Our legal system allows for argument and cross-examination. This is inherently wise because it allows for two sides of an argument to be explored. It is designed to expose hasty decisions and ill thought out arguments so that wisdom and prudence prevail in the end. We would be wise to "cross-examine" ourselves when we have a knee jerk reaction that drives us to argue something too quickly. If we did this - we would avoid embarassment when someone who is thinking more rationally dismantles our open and shut arguments - and reveal them to be way more "shut" than open. This is what Proverbs warns us when it tells us to be careful about hasty arguments. We are warned about being humiliated by our neighbor in the end when we do this.
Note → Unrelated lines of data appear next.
lemma square_diff_div_mult_le:
  fixes x y k d :: real
  assumes "x > 0" "y > 0" "0 \<le> d" "d\<^sup>2 \<le> 3/5"
    and "k * (1 - d) \<le> x\<^sup>2" "x\<^sup>2 \<le> k * (1 + d)"
    and "k * (1 - d) \<le> y\<^sup>2" "y\<^sup>2 \<le> k * (1 + d)"
  shows "(x - y)\<^sup>2 / (x * y) \<le> 2 * d\<^sup>2"
proof -
  have d1: "d < 1"
    using assms(4) abs_square_less_1[of d] by auto
  have cross: "u * (1 - d) \<le> v * (1 + d)"
    if "u \<le> k * (1 + d)" "k * (1 - d) \<le> v" for u v
  proof -
    have "u * (1 - d) \<le> k * (1 + d) * (1 - d)"
      using that d1 by (intro mult_right_mono) auto
    also have "\<dots> = k * (1 - d) * (1 + d)"
      by simp
    also have "\<dots> \<le> v * (1 + d)"
      using that assms(3) by (intro mult_right_mono) auto
    finally show ?thesis .
  qed
  have "x\<^sup>2 * (1 - d) \<le> y\<^sup>2 * (1 + d)" "y\<^sup>2 * (1 - d) \<le> x\<^sup>2 * (1 + d)"
    using assms(5-8) by (auto intro: cross)
  then have "\<bar>x\<^sup>2 - y\<^sup>2\<bar> \<le> d * (x\<^sup>2 + y\<^sup>2)"
    by (simp add: abs_le_iff algebra_simps)
  moreover have "(x - y)\<^sup>2 / (x * y) = (x\<^sup>2 + y\<^sup>2) / (x * y) - 2"
    using assms(1,2) by (simp add: field_simps power2_eq_square)
  ultimately show ?thesis
    using square_sum_div_mult_le[OF assms(1,2,4)] by simp
qed
lemma preimage_mink_patch_Ein:
  assumes "v \<noteq> 0"
  shows "tEin \<inter> piX -` mink_patch_Ein (piX v) = {u \<in> tEin. Bform v u \<noteq> 0}"
proof
  show "tEin \<inter> piX -` mink_patch_Ein (piX v) \<subseteq> {u \<in> tEin. Bform v u \<noteq> 0}"
  proof
    fix u
    assume u: "u \<in> tEin \<inter> piX -` mink_patch_Ein (piX v)"
    then obtain v' w where vw: "piX v = piX v'" "piX u = piX w" "Bform v' w \<noteq> 0"
      by (auto simp: mink_patch_Ein_def)
    obtain s where s: "v = s *\<^sub>R v'"
      using vw(1) by (metis mem_piX_iff scaleR_one)
    obtain t where t: "u = t *\<^sub>R w"
      using vw(2) by (metis mem_piX_iff scaleR_one)
    have "s \<noteq> 0" "t \<noteq> 0"
      using s t assms u by (auto simp: tEin_def)
    then have "Bform v u \<noteq> 0"
      using vw(3) by (simp add: s t Bform_bilinear)
    then show "u \<in> {u \<in> tEin. Bform v u \<noteq> 0}"
      using u by simp
  qed
  show "{u \<in> tEin. Bform v u \<noteq> 0} \<subseteq> tEin \<inter> piX -` mink_patch_Ein (piX v)"
  proof
    fix u
    assume u: "u \<in> {u \<in> tEin. Bform v u \<noteq> 0}"
    then have "piX u \<in> mink_patch_Ein (piX v)"
      unfolding mink_patch_Ein_def using piX_in_Ein by blast
    then show "u \<in> tEin \<inter> piX -` mink_patch_Ein (piX v)"
      using u by simp
  qed
qed

lemma connected_component_set_sign:
  fixes f :: "'a::topological_space \<Rightarrow> real"
  assumes "continuous_on S f" "\<And>x. x \<in> S \<Longrightarrow> f x \<noteq> 0"
    and "connected {x \<in> S. 0 < f x}" "u \<in> S" "0 < f u"
  shows "connected_component_set S u = {x \<in> S. 0 < f x}"
proof
  show "{x \<in> S. 0 < f x} \<subseteq> connected_component_set S u"
    using assms(3-5) by (intro connected_component_maximal) auto
  show "connected_component_set S u \<subseteq> {x \<in> S. 0 < f x}"
  proof
    fix y
    assume y: "y \<in> connected_component_set S u"
    then have "y \<in> S"
      using connected_component_subset by blast
    have "connected (f ` connected_component_set S u)"
      by (intro connected_continuous_image continuous_on_subset[OF assms(1)]
          connected_component_subset connected_connected_component)
    moreover have "f u \<in> f ` connected_component_set S u" "f y \<in> f ` connected_component_set S u"
      using assms(4) y by auto
    ultimately have "f y \<le> 0 \<Longrightarrow> 0 \<in> f ` connected_component_set S u"
      using assms(5) unfolding connected_iff_interval by (meson less_imp_le)
    then have "0 < f y"
      using assms(2) connected_component_subset by fastforce
    then show "y \<in> {x \<in> S. 0 < f x}"
      using \<open>y \<in> S\<close> by simp
  qed
qed
(* Let $\mathcal{M}_\Sigma$ be a trace monoid, let $p\in(0,p_\Sigma)$ and let $a_1\in\Sigma$. Then $\mu_{\Sigma\setminus\{a_1\}}(p)>0$, and the real number $$r=p\,\frac{\mu_{\Sigma\setminus\mathscr{L}(a_1)}(p)}{\mu_{\Sigma\setminus\{a_1\}}(p)}$$ satisfies $r=1-\mu_\Sigma(p)/\mu_{\Sigma\setminus\{a_1\}}(p)$. Furthermore, let $T\subseteq\Sigma$ with $a_1\in T$, let $\xi$ be a random trace with law $D^{p}_{\Sigma,T}$, and let $\xi=U_0\cdot\ldots\cdot U_K$ be its decomposition with $U_0,\dots,U_{K-1}\in\mathrm{Pyr}(a_1)$ and $U_K\in\mathcal{M}_{\Sigma\setminus\{a_1\}}$ (so $K=|\xi|_{a_1}$). Then: (1) $K$ is geometric with parameter $r$: $\mathbb{P}(K=k)=(1-r)r^k$ for all integers $k\geqslant0$; (2) for every $k\geqslant0$, conditionally on $\{K=k\}$: (a) $U_0,\dots,U_k$ are independent; (b) each of the traces $U_i\cdot a_1^{-1}$ for $0\leqslant i\leqslant k-1$ (i.e. the unique trace $w$ with $U_i=w\cdot a_1$) has law $D^{p}_{\Sigma\setminus\{a_1\},\mathscr{L}(a_1)}$; (c) $U_k$ has law $D^{p}_{\Sigma\setminus\{a_1\},T}$.
   Context: Let $\Sigma$ be a finite alphabet and $\mathcal{R}$ a reflexive and symmetric binary relation on $\Sigma$. The trace monoid $\mathcal{M}_\Sigma$ is the quotient of $\Sigma^*$ by the congruence generated by $ab=ba$ for all $(a,b)\notin\mathcal{R}$; the unit is $\mathbf{e}$. For $\Sigma'\subseteq\Sigma$, $\mathcal{M}_{\Sigma'}$ is the submonoid generated by $\Sigma'$. $|x|$ is the length of $x$, $|x|_a$ the number of occurrences of $a$, and $\max(x)$ the set of letters $a$ with $x=y\cdot a$ for some trace $y$. $\mathscr{L}(a)=\{b\in\Sigma:(a,b)\in\mathcal{R}\}$. $\mathrm{Pyr}(a_1)=\{z\cdot a_1: z\in\mathcal{M}_{\Sigma\setminus\{a_1\}},\ \max(z)\subseteq\mathscr{L}(a_1)\}$; every trace has a unique factorization $u_0\cdots u_k$ with $u_0,\dots,u_{k-1}\in\mathrm{Pyr}(a_1)$, $u_k\in\mathcal{M}_{\Sigma\setminus\{a_1\}}$. For $S\subseteq\Sigma$, a clique of $S$ is a subset of $S$ of pairwise non-$\mathcal{R}$-related letters (empty set included); $\mu_S(X)=\sum_{\gamma\text{ clique of }S}(-1)^{|\gamma|}X^{|\gamma|}$, $\mu_\emptyset=1$. For $S\neq\emptyset$, $p_S$ is the unique root of smallest modulus of $\mu_S$ (real, $0<p_S\leqslant1$); $p_\emptyset=+\infty$. For $p\in(0,p_S)$, $\sum_{x\in\mathcal{M}_S}p^{|x|}=1/\mu_S(p)<\infty$ and $B_{S,p}$ is the probability distribution on $\mathcal{M}_S$ with $B_{S,p}(\{x\})=\mu_S(p)p^{|x|}$. For $T\subseteq\Sigma$, $D^{p}_{S,T}$ denotes the conditional distribution $B_{S,p}(\,\cdot\mid\max(\xi)\subseteq T)$ on $\mathcal{M}_S$ (this event has positive probability). *)

theory Defs
  imports "HOL-Analysis.Analysis"
begin

text \<open>Trace monoids. The dependence relation R is a set of pairs of letters.
  Words are lists; traces are equivalence classes of words (sets of lists).\<close>

definition swap_step :: "('a \<times> 'a) set \<Rightarrow> ('a list \<times> 'a list) set" where
  "swap_step R = {(u @ [a, b] @ v, u @ [b, a] @ v) | u v a b. (a, b) \<notin> R}"

definition teq :: "('a \<times> 'a) set \<Rightarrow> ('a list \<times> 'a list) set" where
  "teq R = (swap_step R \<union> (swap_step R)\<inverse>)\<^sup>*"

definition tr :: "('a \<times> 'a) set \<Rightarrow> 'a list \<Rightarrow> 'a list set" where
  "tr R w = {v. (w, v) \<in> teq R}"

definition tmon :: "('a \<times> 'a) set \<Rightarrow> 'a set \<Rightarrow> 'a list set set" where
  "tmon R S = tr R ` lists S"

definition rep :: "'a list set \<Rightarrow> 'a list" where
  "rep x = (SOME w. w \<in> x)"

definition tconc :: "('a \<times> 'a) set \<Rightarrow> 'a list set \<Rightarrow> 'a list set \<Rightarrow> 'a list set" where
  "tconc R x y = tr R (rep x @ rep y)"

definition tunit :: "('a \<times> 'a) set \<Rightarrow> 'a list set" where
  "tunit R = tr R []"

definition tprod :: "('a \<times> 'a) set \<Rightarrow> 'a list set list \<Rightarrow> 'a list set" where
  "tprod R us = foldr (tconc R) us (tunit R)"

definition tlen :: "'a list set \<Rightarrow> nat" where
  "tlen x = length (rep x)"

definition tcount :: "'a list set \<Rightarrow> 'a \<Rightarrow> nat" where
  "tcount x a = count_list (rep x) a"

definition tmax :: "('a \<times> 'a) set \<Rightarrow> 'a list set \<Rightarrow> 'a set" where
  "tmax R x = {a. \<exists>y \<in> range (tr R). x = tconc R y (tr R [a])}"

definition Lnb :: "('a \<times> 'a) set \<Rightarrow> 'a set \<Rightarrow> 'a \<Rightarrow> 'a set" where
  "Lnb R Sg a = {b \<in> Sg. (a, b) \<in> R}"

definition Pyr :: "('a \<times> 'a) set \<Rightarrow> 'a set \<Rightarrow> 'a \<Rightarrow> 'a list set set" where
  "Pyr R Sg a1 = {tconc R z (tr R [a1]) | z. z \<in> tmon R (Sg - {a1}) \<and> tmax R z \<subseteq> Lnb R Sg a1}"

text \<open>The (unique) decomposition u_0 ... u_k of a trace, as a list of length k+1.\<close>
definition pyr_decomp :: "('a \<times> 'a) set \<Rightarrow> 'a set \<Rightarrow> 'a \<Rightarrow> 'a list set \<Rightarrow> 'a list set list" where
  "pyr_decomp R Sg a1 x = (THE us. us \<noteq> [] \<and> tprod R us = x \<and>
      (\<forall>i < length us - 1. us ! i \<in> Pyr R Sg a1) \<and> last us \<in> tmon R (Sg - {a1}))"

definition cliques :: "('a \<times> 'a) set \<Rightarrow> 'a set \<Rightarrow> 'a set set" where
  "cliques R S = {\<gamma>. \<gamma> \<subseteq> S \<and> (\<forall>a\<in>\<gamma>. \<forall>b\<in>\<gamma>. a \<noteq> b \<longrightarrow> (a, b) \<notin> R)}"

definition mu :: "('a \<times> 'a) set \<Rightarrow> 'a set \<Rightarrow> 'b::comm_ring_1 \<Rightarrow> 'b" where
  "mu R S X = (\<Sum>\<gamma>\<in>cliques R S. (-1) ^ card \<gamma> * X ^ card \<gamma>)"

definition p_root :: "('a \<times> 'a) set \<Rightarrow> 'a set \<Rightarrow> real" where
  "p_root R S = Inf (cmod ` {z::complex. mu R S z = 0})"

definition B_weight :: "('a \<times> 'a) set \<Rightarrow> 'a set \<Rightarrow> real \<Rightarrow> 'a list set \<Rightarrow> real" where
  "B_weight R S p x = (if x \<in> tmon R S then mu R S p * p ^ tlen x else 0)"

definition B_prob :: "('a \<times> 'a) set \<Rightarrow> 'a set \<Rightarrow> real \<Rightarrow> 'a list set set \<Rightarrow> real" where
  "B_prob R S p A = infsum (B_weight R S p) A"

definition D_prob :: "('a \<times> 'a) set \<Rightarrow> 'a set \<Rightarrow> 'a set \<Rightarrow> real \<Rightarrow> 'a list set set \<Rightarrow> real" where
  "D_prob R S T p A = B_prob R S p (A \<inter> {x. tmax R x \<subseteq> T}) / B_prob R S p {x. tmax R x \<subseteq> T}"

end

theory Submission
  imports Defs
begin

text \<open>Every trace factors uniquely as \<open>U\<^sub>0 \<cdots> U\<^bsub>K-1\<^esub> U\<^sub>K\<close>, with pyramids
  \<open>U\<^sub>i = w\<^sub>i a\<^sub>1\<close> (\<open>w\<^sub>i \<in> \<M>\<^bsub>\<Sigma>-{a\<^sub>1}\<^esub>\<close>, \<open>max w\<^sub>i \<subseteq> \<L>(a\<^sub>1)\<close>) and \<open>U\<^sub>K \<in> \<M>\<^bsub>\<Sigma>-{a\<^sub>1}\<^esub>\<close>.
  Under this bijection \<open>|\<xi>| = \<Sum>(|w\<^sub>i| + 1) + |U\<^sub>K|\<close>, and for \<open>a\<^sub>1 \<in> T\<close> the condition
  \<open>max \<xi> \<subseteq> T\<close> only constrains \<open>U\<^sub>K\<close>; so the weight \<open>p\<^bsup>|\<xi>|\<^esup>\<close> restricted to
  \<open>{K = k}\<close> is a product measure, whose total mass is \<open>(p Z\<^sub>\<L>)\<^sup>k Z\<^sub>T\<close> for the generating
  functions \<open>Z\<close> of traces of \<open>\<M>\<^bsub>\<Sigma>-{a\<^sub>1}\<^esub>\<close> with prescribed maximal letters. The same
  decomposition, together with the deletion recurrence
  \<open>\<mu>\<^sub>\<Sigma> = \<mu>\<^bsub>\<Sigma>-{a}\<^esub> - X \<mu>\<^bsub>\<Sigma>-\<L>(a)\<^esub>\<close>, proves by induction on \<open>\<Sigma>\<close> that
  \<open>\<Sum>\<^bsub>max x \<subseteq> T\<^esub> p\<^bsup>|x|\<^esup> = \<mu>\<^bsub>\<Sigma>-T\<^esub>(p) / \<mu>\<^sub>\<Sigma>(p)\<close> as long as all \<open>\<mu>\<^bsub>S'\<^esub>(p)\<close> are
  positive; this identifies \<open>p Z\<^sub>\<L> = r\<close> and gives both the geometric law of \<open>K\<close> and the
  product form of the conditional law.\<close>

lemma has_sum_Sigma_nonneg:
  fixes f :: "'a \<times> 'b \<Rightarrow> real"
  assumes "\<And>x y. x \<in> A \<Longrightarrow> y \<in> B x \<Longrightarrow> f (x, y) \<ge> 0"
    and "\<And>x. x \<in> A \<Longrightarrow> ((\<lambda>y. f (x, y)) has_sum g x) (B x)"
    and "(g has_sum s) A"
  shows "(f has_sum s) (Sigma A B)"
  using assms by (intro has_sum_SigmaI summable_on_SigmaI[where g = g]) (auto dest: has_sum_imp_summable)
(* For every $\eta>1$, $$\lim_{N\to\infty}\sum_{n=2}^N a_n\frac{(\eta-1)^n}{\eta^{n-1}}=G(\eta).$$
   Context: Let $g:(-\pi^2,\infty)\to(0,\infty)$, $g(r)=\sinh(\sqrt r)/\sqrt r$ for $r>0$, $g(0)=1$, $g(r)=\sin(\sqrt{-r})/\sqrt{-r}$ for $-\pi^2<r<0$; it is a strictly increasing bijection with inverse $g^{-1}$. For $\eta>0$ define $G(\eta)=2\eta-2\,\mathrm{sgn}\big(4g^{-1}(\eta^{-1})+\pi^2\big)\sqrt{\eta^2+g^{-1}(\eta^{-1})}+g^{-1}(\eta^{-1})$ (the sign equals $1$ for $\eta<\pi/2$, $0$ at $\eta=\pi/2$, $-1$ for $\eta>\pi/2$). The coefficients $a_n$, $n\ge2$, are determined recursively by requiring that for each $n\ge 2$ the $n$-th right derivative at $\eta=1$ of $G$ equals that of $\sum_{k=2}^n a_k(\eta-1)^k/\eta^{k-1}$; equivalently, $a_n$ is the $n$-th Taylor coefficient at $\xi=0$ of $F(\xi)=(1-\xi)G\big(\frac1{1-\xi}\big)$ (so that $F(\xi)=\sum_{n\ge2}a_n\xi^n$ near $0$). *)

theory Defs
  imports "HOL-Analysis.Analysis"
begin

definition gfun :: "real \<Rightarrow> real" where
  "gfun r = (if r > 0 then sinh (sqrt r) / sqrt r
             else if r = 0 then 1
             else sin (sqrt (- r)) / sqrt (- r))"

definition ginv :: "real \<Rightarrow> real" where
  "ginv y = (THE r. - (pi\<^sup>2) < r \<and> gfun r = y)"

definition Gfun :: "real \<Rightarrow> real" where
  "Gfun \<eta> = 2 * \<eta> - 2 * sgn (4 * ginv (1 / \<eta>) + pi\<^sup>2) * sqrt (\<eta>\<^sup>2 + ginv (1 / \<eta>))
             + ginv (1 / \<eta>)"

definition Ffun :: "real \<Rightarrow> real" where
  "Ffun \<xi> = (1 - \<xi>) * Gfun (1 / (1 - \<xi>))"

definition acoef :: "nat \<Rightarrow> real" where
  "acoef n = (deriv ^^ n) Ffun 0 / fact n"

end

theory Submission
  imports Defs "HOL-Complex_Analysis.Complex_Analysis"
begin

text \<open>
  The function g is the restriction to (-pi^2, infinity) of the Weierstrass product
  g r = prod_k (1 + r / ((k+1) pi)^2), which is holomorphic on the half-plane Re r > -pi^2,
  where it equals sinh (sqrt r) / sqrt r. Its logarithm L = sum_k Ln (1 + r / ((k+1) pi)^2)
  is injective there, because every term is, in the monotone-operator sense
  Re ((L b - L a) * cnj (b - a)) > 0. A connectedness argument, resting on the estimate
  |sinh q / q - 1| >= 1 both on the boundary of the half-plane and for large |r|, shows that
  the image of L contains Ln of the disc |w - 1| < 1. Hence r(xi) = L^-1 (Ln (1 - xi)) is a
  holomorphic branch of g^-1 (1 - xi) on the unit disc, and so is
  F xi = 2 - 2 cosh (sqrt r(xi)) + r(xi) (1 - xi). The Taylor series of F at 0 therefore
  converges on (-1, 1), and the theorem is the substitution xi = (eta - 1) / eta.
\<close>

lemma Re_Ln_diff_mult_cnj_pos:
  fixes u v :: complex
  assumes u: "Re u > 0" and v: "Re v > 0" and uv: "u \<noteq> v"
  shows "Re ((Ln u - Ln v) * cnj (u - v)) > 0"
proof -
  define d where "d = u - v"
  have d0: "d \<noteq> 0" using uv d_def by auto
  define \<gamma> where "\<gamma> t = v + of_real t * d" for t
  have Re_\<gamma>: "Re (\<gamma> t) > 0" if "0 \<le> t" "t \<le> 1" for t
  proof -
    have "Re (\<gamma> t) = (1 - t) * Re v + t * Re u" by (simp add: \<gamma>_def d_def algebra_simps)
    also have "\<dots> > 0"
    proof (cases "t = 0")
      case False
      hence "t * Re u > 0" using that u by simp
      moreover have "(1 - t) * Re v \<ge> 0" using that v by simp
      ultimately show ?thesis by linarith
    qed (use v in simp)
    finally show ?thesis .
  qed
  \<comment> \<open>Mean value theorem along the segment from v to u; the derivative is |d|^2 Re (1 / \<gamma> t) > 0.\<close>
  define \<phi> where "\<phi> t = Re (Ln (\<gamma> t) * cnj d)" for t
  have \<phi>_deriv: "(\<phi> has_real_derivative Re (d / \<gamma> t * cnj d)) (at t)" if "0 \<le> t" "t \<le> 1" for t
  proof -
    have "\<gamma> t \<notin> \<real>\<^sub>\<le>\<^sub>0" using Re_\<gamma>[OF that] by (auto simp: complex_nonpos_Reals_iff)
    hence "((\<lambda>z. Ln (v + z * d) * cnj d) has_field_derivative (d / \<gamma> t * cnj d)) (at (of_real t))"
      unfolding \<gamma>_def by (auto intro!: derivative_eq_intros simp: field_simps)
    from has_field_derivative_Re[OF has_vector_derivative_real_field[OF this]]
    show ?thesis unfolding \<phi>_def \<gamma>_def .
  qed
  have \<phi>_deriv_pos: "Re (d / \<gamma> t * cnj d) > 0" if "0 \<le> t" "t \<le> 1" for t
  proof -
    have "d / \<gamma> t * cnj d = of_real ((cmod d)\<^sup>2) / \<gamma> t"
      by (simp add: complex_norm_square[symmetric])
    also have "Re \<dots> = (cmod d)\<^sup>2 * Re (\<gamma> t) / (cmod (\<gamma> t))\<^sup>2"
      by (simp add: Re_divide cmod_power2)
    also have "\<dots> > 0" using Re_\<gamma>[OF that] d0 by (auto intro!: divide_pos_pos)
    finally show ?thesis .
  qed
  obtain z where "0 < z" "z < 1" "\<phi> 1 - \<phi> 0 = (1 - 0) * Re (d / \<gamma> z * cnj d)"
    using MVT2[of 0 1 \<phi> "\<lambda>t. Re (d / \<gamma> t * cnj d)"] \<phi>_deriv by force
  hence "\<phi> 1 - \<phi> 0 > 0" using \<phi>_deriv_pos[of z] by simp
  moreover have "\<phi> 1 - \<phi> 0 = Re ((Ln u - Ln v) * cnj (u - v))"
    by (simp add: \<phi>_def \<gamma>_def d_def algebra_simps)
  ultimately show ?thesis by simp
qed

lemma Re_sinh: "Re (sinh q) = sinh (Re q) * cos (Im q)"
  and Im_sinh: "Im (sinh q) = cosh (Re q) * sin (Im q)"
  and Re_cosh: "Re (cosh q) = cosh (Re q) * cos (Im q)"
  and Im_cosh: "Im (cosh q) = sinh (Re q) * sin (Im q)"
  for q :: complex
  by (simp_all add: sinh_def cosh_def Re_exp Im_exp scaleR_conv_of_real field_simps)

lemma sinh_complex_of_real: "sinh (complex_of_real x) = complex_of_real (sinh x)"
  and cosh_complex_of_real: "cosh (complex_of_real x) = complex_of_real (cosh x)"
  and sinh_i_times_of_real: "sinh (\<i> * complex_of_real x) = \<i> * complex_of_real (sin x)"
  and cosh_i_times_of_real: "cosh (\<i> * complex_of_real x) = complex_of_real (cos x)"
  by (rule complex_eqI; simp add: Re_sinh Im_sinh Re_cosh Im_cosh)+

lemma norm_sinh_squared: "(cmod (sinh q))\<^sup>2 = (sinh (Re q))\<^sup>2 + (sin (Im q))\<^sup>2"
proof -
  have "(cmod (sinh q))\<^sup>2 = (sinh (Re q) * cos (Im q))\<^sup>2 + (cosh (Re q) * sin (Im q))\<^sup>2"
    by (simp add: cmod_power2 Re_sinh Im_sinh)
  also have "\<dots> = (sinh (Re q))\<^sup>2 + (sin (Im q))\<^sup>2"
    by (simp add: power_mult_distrib cosh_square_eq cos_squared_eq algebra_simps)
  finally show ?thesis .
qed

lemma sinh_ge_taylor_5:
  fixes x :: real
  assumes "x \<ge> 0"
  shows "sinh x \<ge> x + x ^ 3 / 6 + x ^ 5 / 120"
proof -
  let ?f = "\<lambda>n. if even n then 0 else x ^ n /\<^sub>R fact n"
  have "sum ?f {..<6} \<le> suminf ?f"
    using sinh_converges[of x] assms by (intro sum_le_suminf) (auto simp: sums_iff)
  moreover have "sum ?f {..<6} = x + x ^ 3 / 6 + x ^ 5 / 120"
    by (simp add: lessThan_nat_numeral fact_numeral)
  ultimately show ?thesis using sinh_converges[of x] by (simp add: sums_iff)
qed

lemma higher_deriv_real_restriction:
  fixes f :: "complex \<Rightarrow> complex" and F :: "real \<Rightarrow> real"
  assumes hol: "f holomorphic_on ball 0 R"
    and real: "\<And>x. \<bar>x\<bar> < R \<Longrightarrow> f (complex_of_real x) = complex_of_real (F x)"
    and x: "\<bar>x\<bar> < R"
  shows "(deriv ^^ n) F x = Re ((deriv ^^ n) f (complex_of_real x))"
  using x
proof (induction n arbitrary: x)
  case 0
  thus ?case using real by simp
next
  case (Suc n)
  define h where "h = (deriv ^^ n) f"
  have "h holomorphic_on ball 0 R" unfolding h_def by (intro holomorphic_higher_deriv hol) auto
  moreover have "complex_of_real x \<in> ball 0 R" using Suc.prems by simp
  ultimately have "(h has_field_derivative deriv h (complex_of_real x)) (at (complex_of_real x))"
    by (intro holomorphic_derivI) auto
  from has_field_derivative_Re[OF has_vector_derivative_real_field[OF this]]
  have "((deriv ^^ n) F has_real_derivative Re (deriv h (complex_of_real x))) (at x)"
  proof (rule has_field_derivative_transform_within_open)
    show "open {-R<..<R}" "x \<in> {-R<..<R}" using Suc.prems by auto
    show "Re (h (complex_of_real t)) = (deriv ^^ n) F t" if "t \<in> {-R<..<R}" for t
      using Suc.IH[of t] that by (simp add: h_def abs_less_iff)
  qed
  hence "deriv ((deriv ^^ n) F) x = Re (deriv h (complex_of_real x))" by (rule DERIV_imp_deriv)
  thus ?case by (simp add: h_def)
qed
theorem proposition2:
  fixes d :: nat and M :: "nat \<Rightarrow> 'a measure"
    and f :: "(nat \<Rightarrow> 'a) \<Rightarrow> real"
    and g :: "nat \<Rightarrow> (nat \<Rightarrow> 'a) \<Rightarrow> 'a \<Rightarrow> real"
    and h :: "(nat \<Rightarrow> 'a) \<Rightarrow> real"
  assumes d_pos: "d \<ge> 1"
    and sf: "\<And>i. i < d \<Longrightarrow> sigma_finite_measure (M i)"
    and f_meas: "f \<in> borel_measurable (tgs_space d M)"
    and f_nonneg: "\<And>x. x \<in> space (tgs_space d M) \<Longrightarrow> 0 \<le> f x"
    and f_prob: "(\<integral>\<^sup>+ x. ennreal (f x) \<partial>(tgs_space d M)) = 1"
    and g_meas: "\<And>i x. i < d \<Longrightarrow> x \<in> space (tgs_space d M) \<Longrightarrow> g i x \<in> borel_measurable (M i)"
    and g_nonneg: "\<And>i x t. i < d \<Longrightarrow> x \<in> space (tgs_space d M) \<Longrightarrow> t \<in> space (M i) \<Longrightarrow> 0 \<le> g i x t"
    and g_prob: "\<And>i x. i < d \<Longrightarrow> x \<in> space (tgs_space d M) \<Longrightarrow> (\<integral>\<^sup>+ t. ennreal (g i x t) \<partial>(M i)) = 1"
    and g_dep: "\<And>i x s. i < d \<Longrightarrow> x \<in> space (tgs_space d M) \<Longrightarrow> s \<in> space (M i) \<Longrightarrow>
                 g i (x(i := s)) = g i x"
    and g_joint_meas: "\<And>i. i < d \<Longrightarrow> (\<lambda>x. g i x (x i)) \<in> borel_measurable (tgs_space d M)"
    and g_abs_cont: "\<And>i x. i < d \<Longrightarrow> x \<in> space (tgs_space d M) \<Longrightarrow>
                 0 < marg M f i x \<Longrightarrow> marg M f i x < \<infinity> \<Longrightarrow>
                 (AE t in M i. fcond M f i (x(i := t)) = 0 \<longrightarrow> g i x t = 0)"
    and h_meas: "h \<in> borel_measurable (tgs_space d M)"
    and h_int: "integrable (target d M f) h"
  shows "var_W d M f g \<le> bconst d M f g - 1
         \<and> var_SIS d M f g h \<le> bconst d M f g * var_f d M f h"
proof -
  interpret tgs_setting d M f g
    by (rule tgs_setting.intro)
      (fact d_pos sf f_meas f_nonneg f_prob g_meas g_nonneg g_prob g_dep g_joint_meas)+
  show ?thesis
    using var_W_le var_SIS_le[OF h_int] by simp
qed

end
Here we find our Hebrew friend "acharith" again. This word speaks of the end - but does so from the standpoint of being able to think about what the end of our actions will be. Here we see that that the end of hastily argued points is humliation by our opponents. If we saw this before we started arguing in haste, we would have stopped ourselves long enough to properly think though what we were going to say. I am for anything that will stave off moments of high embarassment. That has meant seeing my natural tendency to jump to conclusions as more of a jump into a pit of poisoned spikes. To put it another way - it is very unwise to jump to conclusions. It is wiser to look before you leap upon someone with your supposedly lock-tight arguments. The wise man takes the time to consider first whether pre-prejudice has affected his thinking. The wise man takes the time to decide whether silence would be more effective than blurting out what he thinks. The wise man takes the time to consider the end of the matter - before starting it. This, dear saints, can rescue us from a plethora of painfully embarassing moments. Oh, and by the way, in court - it can mean the difference between a case that is won - and one that is humiliatingly lost.